Reminds me of the recent paper about delegating document editing tasks to LLMs across different disciplines [1]. That paper found that programming was the only discipline most LLMs can perform long horizon tasks on without accumulating errors & corrupting the document.

I've only read the abstract of this one so far but it seems like this paper has zoomed in on programming with greater fidelity and shown a similar phenomenon. But not about long horizon tasks, more like "long style horizons" of larger sets of structural constraints.

[1] https://arxiv.org/abs/2604.15597

Discussion: https://news.ycombinator.com/item?id=48073246

emp17344 5 hours ago | parent [-]

If it’s not easily verifiable, LLMs aren’t good at it.

jeremyjh 5 hours ago | parent [-]

I think that’s mostly because they get so much more of that reinforcement learning - since it is so economical. I dont know if there is any evidence of a fundamental reason they can’t be just as good at other tasks, but it might be economically infeasible for awhile yet.
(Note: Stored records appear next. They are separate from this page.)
(* The case of a vertical separating hyperplane: x then lies outside the domain of g, and adding
   a large multiple of the separating functional to the given minorant lifts it above alpha at x. *)
lemma affine_minorant_tilt:
  fixes g :: "'a::real_inner \<Rightarrow> ereal"
  assumes minorant: "\<And>z. ereal (inner w0 z + b0) \<le> g z"
    and dom: "\<And>z. g z < \<infinity> \<Longrightarrow> c < inner w z" and "inner w x < c"
  obtains w' b' where "\<And>z. ereal (inner w' z + b') \<le> g z" "\<alpha> \<le> inner w' x + b'"
proof -
  define k where "k = max 0 ((\<alpha> - inner w0 x - b0) / (c - inner w x))"
  have "0 \<le> k"
    unfolding k_def by simp
  have "(\<alpha> - inner w0 x - b0) / (c - inner w x) \<le> k"
    unfolding k_def by simp
  then have "\<alpha> - inner w0 x - b0 \<le> k * (c - inner w x)"
    using \<open>inner w x < c\<close> by (simp add: pos_divide_le_eq)
  show thesis
  proof (rule that)
    fix z
    show "ereal (inner (w0 - k *\<^sub>R w) z + (b0 + k * c)) \<le> g z"
    proof (cases "g z < \<infinity>")
      case True
      then have "k * (c - inner w z) \<le> 0"
        using dom[OF True] \<open>0 \<le> k\<close> by (intro mult_nonneg_nonpos) auto
      then have "ereal (inner (w0 - k *\<^sub>R w) z + (b0 + k * c)) \<le> ereal (inner w0 z + b0)"
        by (simp add: inner_diff_left algebra_simps)
      also have "\<dots> \<le> g z"
        by (rule minorant)
      finally show ?thesis .
    qed (simp add: top.not_eq_extremum)
  next
    show "\<alpha> \<le> inner (w0 - k *\<^sub>R w) x + (b0 + k * c)"
      using \<open>\<alpha> - inner w0 x - b0 \<le> _\<close> by (simp add: inner_diff_left algebra_simps)
  qed
qed

lemma convex_lsc_affine_minorant_above:
  fixes g :: "'a::euclidean_space \<Rightarrow> ereal"
  assumes "ext_convex g" "lsc_fn g" "proper_fn g"
    and minorant: "\<And>z. ereal (inner w0 z + b0) \<le> g z"
    and "ereal \<alpha> < g x"
  obtains w b where "\<And>z. ereal (inner w z + b) \<le> g z" "\<alpha> \<le> inner w x + b"
proof -
  obtain \<beta> w c where "0 \<le> \<beta>" and sep_x: "inner w x + \<beta> * \<alpha> < c"
    and sep: "\<And>z t. g z \<le> ereal t \<Longrightarrow> c < inner w z + \<beta> * t"
    by (rule ereal_epigraph_separation[OF assms(1-3,5)]) (rule that)
  have not_MInf: "g z \<noteq> -\<infinity>" for z
    using \<open>proper_fn g\<close> unfolding proper_fn_def by blast
  show thesis
  proof (cases "\<beta> = 0")
    case True
    have dom: "c < inner w z" if "g z < \<infinity>" for z
      using sep[of z "real_of_ereal (g z)"] \<open>g z < \<infinity>\<close> not_MInf[of z] True by (cases "g z") auto
    have "inner w x < c"
      using sep_x True by simp
    with minorant dom show thesis
      using that by (rule affine_minorant_tilt)
  next
    case False
    with \<open>0 \<le> \<beta>\<close> have "0 < \<beta>"
      by simp
    then show thesis
      using sep_x sep not_MInf that by (rule affine_minorant_of_separation)
  qed
qed

section \<open>The proximal hull\<close>

definition proximal_hull :: "real \<Rightarrow> ('a::euclidean_space \<Rightarrow> ereal) \<Rightarrow> 'a \<Rightarrow> ereal" where
  "proximal_hull r f x = - moreau_env r (\<lambda>y. - moreau_env r f y) x"

lemma proximal_hull_eq_SUP:
  "proximal_hull r f x = (SUP y. moreau_env r f y - ereal (r/2 * (norm (y - x))\<^sup>2))"
  unfolding proximal_hull_def by (rule uminus_moreau_env_uminus)

lemma proximal_hull_le: "proximal_hull r f x \<le> f x"
  unfolding proximal_hull_eq_SUP
proof (rule SUP_least)
  fix y
  have "moreau_env r f y \<le> f x + ereal (r/2 * (norm (y - x))\<^sup>2)"
    using moreau_env_le[of r f y x] by (simp add: norm_minus_commute)
  then show "moreau_env r f y - ereal (r/2 * (norm (y - x))\<^sup>2) \<le> f x"
    by (simp add: ereal_minus_le_iff)
qed

lemma affine_minorant_le_proximal_hull:
  assumes "0 < r" and minorant: "\<And>v. ereal (inner w v + b) \<le> f v + ereal (r/2 * q v)"
  shows "ereal (inner w x + b - r/2 * q x) \<le> proximal_hull r f x"
proof -
  define y where "y = w /\<^sub>R r"
  have w_eq: "w = r *\<^sub>R y"
    unfolding y_def using \<open>0 < r\<close> by simp
  have "ereal (b + r/2 * (norm y)\<^sup>2) \<le> moreau_env r f y"
    unfolding moreau_env_def
  proof (rule INF_greatest)
    fix v
    have "ereal (b + r/2 * (norm y)\<^sup>2)
        = ereal (inner w v + b) - ereal (r/2 * q v) + ereal (r/2 * (norm (v - y))\<^sup>2)"
      unfolding w_eq q_def norm_diff_power2 by (simp add: algebra_simps inner_commute)
    also have "\<dots> \<le> f v + ereal (r/2 * (norm (v - y))\<^sup>2)"
      using minorant[of v] by (cases "f v") auto
    finally show "ereal (b + r/2 * (norm y)\<^sup>2) \<le> f v + ereal (r/2 * (norm (v - y))\<^sup>2)" .
  qed
  moreover have "inner w x + b - r/2 * q x = b + r/2 * (norm y)\<^sup>2 - r/2 * (norm (y - x))\<^sup>2"
    unfolding w_eq q_def norm_diff_power2 by (simp add: algebra_simps)
  ultimately have "ereal (inner w x + b - r/2 * q x) \<le> moreau_env r f y - ereal (r/2 * (norm (y - x))\<^sup>2)"
    by (cases "moreau_env r f y") auto
  also have "\<dots> \<le> proximal_hull r f x"
    unfolding proximal_hull_eq_SUP by (rule SUP_upper) simp
  finally show ?thesis .
qed

lemma affine_minorant_of_quadratic_minorant:
  assumes "\<And>y. ereal (c - a/2 * (norm (y - x0))\<^sup>2) \<le> f y" "a \<le> r"
  shows "ereal (inner (a *\<^sub>R x0) y + (c - a/2 * (norm x0)\<^sup>2)) \<le> f y + ereal (r/2 * q y)"
proof -
  have "a * (norm y)\<^sup>2 \<le> r * (norm y)\<^sup>2"
    using \<open>a \<le> r\<close> by (intro mult_right_mono) auto
  then have "inner (a *\<^sub>R x0) y + (c - a/2 * (norm x0)\<^sup>2) \<le> (c - a/2 * (norm (y - x0))\<^sup>2) + r/2 * q y"
    unfolding q_def norm_diff_power2 by (simp add: algebra_simps inner_commute)
  then have "ereal (inner (a *\<^sub>R x0) y + (c - a/2 * (norm x0)\<^sup>2))
      \<le> ereal (c - a/2 * (norm (y - x0))\<^sup>2) + ereal (r/2 * q y)"
    by simp
  also have "\<dots> \<le> f y + ereal (r/2 * q y)"
    using assms(1) by (rule add_right_mono)
  finally show ?thesis .
qed

lemma proximal_hull_eq_self:
  assumes proper: "proper_fn f" and lsc: "lsc_fn f"
    and "prox_bounded f" "prox_threshold f < r"
    and convex: "ext_convex (\<lambda>x. f x + ereal (r/2 * q x))"
  shows "proximal_hull r f = f"
proof
  fix x
  obtain a c x0 where "0 < a" "a < r" and quadratic_minorant:
    "\<And>y. ereal (c - a/2 * (norm (y - x0))\<^sup>2) \<le> f y"
    using prox_bounded_quadratic_minorant[OF assms(1,3,4)] by blast
  define g where "g x = f x + ereal (r/2 * q x)" for x
  have "lsc_fn g"
    unfolding g_def q_def using lsc by (intro lsc_fn_add_continuous continuous_intros)
  moreover have "proper_fn g"
    using proper unfolding proper_fn_def g_def by auto
  moreover have "ereal (inner (a *\<^sub>R x0) y + (c - a/2 * (norm x0)\<^sup>2)) \<le> g y" for y
    unfolding g_def using quadratic_minorant \<open>a < r\<close> by (intro affine_minorant_of_quadratic_minorant) auto
  ultimately have affine_approx: "\<exists>w b. (\<forall>z. ereal (inner w z + b) \<le> g z) \<and> \<alpha> \<le> inner w x + b"
    if "ereal \<alpha> < g x" for \<alpha>
    using convex_lsc_affine_minorant_above[of g] convex that unfolding g_def by blast
  show "proximal_hull r f x = f x"
  proof (rule antisym)
    show "proximal_hull r f x \<le> f x"
      by (rule proximal_hull_le)
    show "f x \<le> proximal_hull r f x"
    proof (rule ccontr)
      assume "\<not> f x \<le> proximal_hull r f x"
      then obtain \<alpha> where "proximal_hull r f x < ereal \<alpha>" "ereal \<alpha> < f x"
        unfolding not_le by (meson ereal_dense2)
      then have "ereal (\<alpha> + r/2 * q x) < g x"
        unfolding g_def by (cases "f x") auto
      then obtain w b where minorant: "\<And>z. ereal (inner w z + b) \<le> f z + ereal (r/2 * q z)"
        and "\<alpha> + r/2 * q x \<le> inner w x + b"
        using affine_approx unfolding g_def by blast
      have "ereal \<alpha> \<le> ereal (inner w x + b - r/2 * q x)"
        using \<open>\<alpha> + r/2 * q x \<le> inner w x + b\<close> by simp
      also have "\<dots> \<le> proximal_hull r f x"
        using \<open>0 < a\<close> \<open>a < r\<close> minorant by (intro affine_minorant_le_proximal_hull) simp_all
      finally have "ereal \<alpha> \<le> proximal_hull r f x" .
      then show False
        using \<open>proximal_hull r f x < ereal \<alpha>\<close> by simp
    qed
  qed
qed

section \<open>The proximal average\<close>

lemma PA_axis:
  assumes "\<delta> (axis i 1) = 0"
  shows "PA r \<delta> f x (axis i 1) = proximal_hull r (f i) x"
proof -
  have "ereal (axis i 1 $ j) * moreau_env r (f j) z = (if j = i then moreau_env r (f i) z else 0)"
    for j z by (simp add: axis_def one_ereal_def[symmetric] zero_ereal_def[symmetric])
  then have "(\<Sum>j\<in>UNIV. ereal (axis i 1 $ j) * moreau_env r (f j) z) = moreau_env r (f i) z" for z
    by simp
  then show ?thesis
    unfolding PA_def proximal_hull_def assms by simp
qed

lemma PA_eq_SUP:
  assumes "\<And>i y. \<bar>moreau_env r (f i) y\<bar> \<noteq> \<infinity>"
  shows "PA r \<delta> f x lam = (SUP y. ereal ((\<Sum>i\<in>UNIV. lam $ i * real_of_ereal (moreau_env r (f i) y))
            - (r + \<delta> lam)/2 * (norm (y - x))\<^sup>2))"
proof -
  have "(\<Sum>i\<in>UNIV. ereal (lam $ i) * moreau_env r (f i) y)
      = ereal (\<Sum>i\<in>UNIV. lam $ i * real_of_ereal (moreau_env r (f i) y))" for y
    using assms by (simp add: ereal_real' flip: sum_ereal times_ereal.simps(1))
  then show ?thesis
    unfolding PA_def uminus_moreau_env_uminus by simp
qed

locale prox_bounded_family =
  fixes f :: "'m::finite \<Rightarrow> 'a::euclidean_space \<Rightarrow> ereal" and r :: real
  assumes proper: "\<And>i. proper_fn (f i)"
    and prox_bounded: "\<And>i. prox_bounded (f i)"
    and threshold_less: "\<And>i. prox_threshold (f i) < r"
begin

definition env :: "'m \<Rightarrow> 'a \<Rightarrow> real" where
  "env i y = real_of_ereal (moreau_env r (f i) y)"

lemma r_pos: "0 < r"
  using prox_threshold_nonneg[OF prox_bounded] threshold_less by (rule le_less_trans)

lemma moreau_env_eq_env: "moreau_env r (f i) y = ereal (env i y)"
  unfolding env_def using moreau_env_finite[OF proper prox_bounded threshold_less]
  by (simp add: ereal_real')

lemma PA_eq: "PA r \<delta> f x lam
    = (SUP y. ereal ((\<Sum>i\<in>UNIV. lam $ i * env i y) - (r + \<delta> lam)/2 * (norm (y - x))\<^sup>2))"
  unfolding env_def by (rule PA_eq_SUP) (rule moreau_env_finite[OF proper prox_bounded threshold_less])

lemma PA_ge: "ereal (\<Sum>i\<in>UNIV. lam $ i * env i x) \<le> PA r \<delta> f x lam"
  unfolding PA_eq by (rule SUP_upper2[of x]) auto

lemma PA_finite:
  assumes "lam \<in> Lambda_simplex" "0 < \<delta> lam"
  shows "\<bar>PA r \<delta> f x lam\<bar> \<noteq> \<infinity>"
proof -
  obtain z where dom: "\<And>i. f i (z i) < \<infinity>"
    using proper unfolding proper_fn_def by metis
  define F where "F i = real_of_ereal (f i (z i))" for i
  have "f i (z i) = ereal (F i)" for i
    using dom[of i] proper[of i] unfolding F_def proper_fn_def by (cases "f i (z i)") auto
  then have "env i y \<le> F i + r/2 * (norm (y - z i))\<^sup>2" for i y
    using moreau_env_le[of r "f i" y "z i"] by (simp add: moreau_env_eq_env norm_minus_commute)
  then have "PA r \<delta> f x lam
      \<le> ereal (\<Sum>i\<in>UNIV. lam $ i * (F i + r * (r + \<delta> lam) / (2 * (r + \<delta> lam - r)) * (norm (x - z i))\<^sup>2))"
    unfolding PA_eq using assms r_pos by (intro SUP_convex_combination_minus_quadratic_le) auto
  with PA_ge[of lam x \<delta>] show ?thesis
    by auto
qed

lemma proper_PA:
  assumes "lam \<in> Lambda_simplex" and \<delta>_axis: "\<And>i. \<delta> (axis i 1) = 0"
    and \<delta>_pos: "(\<forall>i. lam \<noteq> axis i 1) \<Longrightarrow> 0 < \<delta> lam"
  shows "proper_fn (\<lambda>x. PA r \<delta> f x lam)"
  unfolding proper_fn_def
proof
  have "PA r \<delta> f x lam \<noteq> -\<infinity>" for x
    using PA_ge[of lam x \<delta>] by auto
  then show "\<forall>x. PA r \<delta> f x lam \<noteq> -\<infinity>" ..
  show "\<exists>x. PA r \<delta> f x lam < \<infinity>"
  proof (cases "\<exists>i. lam = axis i 1")
    case True
    then obtain i where "lam = axis i 1" ..
    obtain z where "f i z < \<infinity>"
      using proper unfolding proper_fn_def by blast
    then have "PA r \<delta> f z lam < \<infinity>"
      unfolding \<open>lam = axis i 1\<close> PA_axis[where \<delta>=\<delta>, OF \<delta>_axis]
      using proximal_hull_le by (rule le_less_trans[rotated])
    then show ?thesis ..
  next
    case False
    then have "\<bar>PA r \<delta> f 0 lam\<bar> \<noteq> \<infinity>"
      using assms(1) \<delta>_pos by (intro PA_finite) auto
    then have "PA r \<delta> f 0 lam < \<infinity>"
      by (cases "PA r \<delta> f 0 lam") auto
    then show ?thesis ..
  qed
qed

lemma lower_C2_PA:
  assumes "lam \<in> Lambda_simplex" "0 < \<delta> lam"
  shows "lower_C2 (\<lambda>x. PA r \<delta> f x lam)"
proof -
  have finite: "\<bar>PA r \<delta> f x lam\<bar> \<noteq> \<infinity>" for x
    using assms by (rule PA_finite)
  have "(SUP y. ereal ((\<Sum>i\<in>UNIV. lam $ i * env i y) - (r + \<delta> lam)/2 * (norm (y - x))\<^sup>2))
      = ereal (real_of_ereal (PA r \<delta> f x lam))" for x
    unfolding PA_eq[symmetric] using finite[of x] by (simp add: ereal_real')
  then have "convex_on UNIV (\<lambda>x. real_of_ereal (PA r \<delta> f x lam) + (r + \<delta> lam)/2 * q x)"
    by (rule convex_on_SUP_minus_quadratic)
  then show ?thesis
    unfolding lower_C2_def using finite by blast
qed

end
mjburgess 4 hours ago | parent | next [-]

No one is curating vast amounts of data for them in other domains. Programmers send programs with fixes

knollimar 3 hours ago | parent [-]

There's no diff of my excel lambdas being fixed? :(

emp17344 3 hours ago | parent | prev [-]

RLVR doesn’t work for unverifiable tasks, so they won’t be able to effectively use tools to boost reliability for those tasks.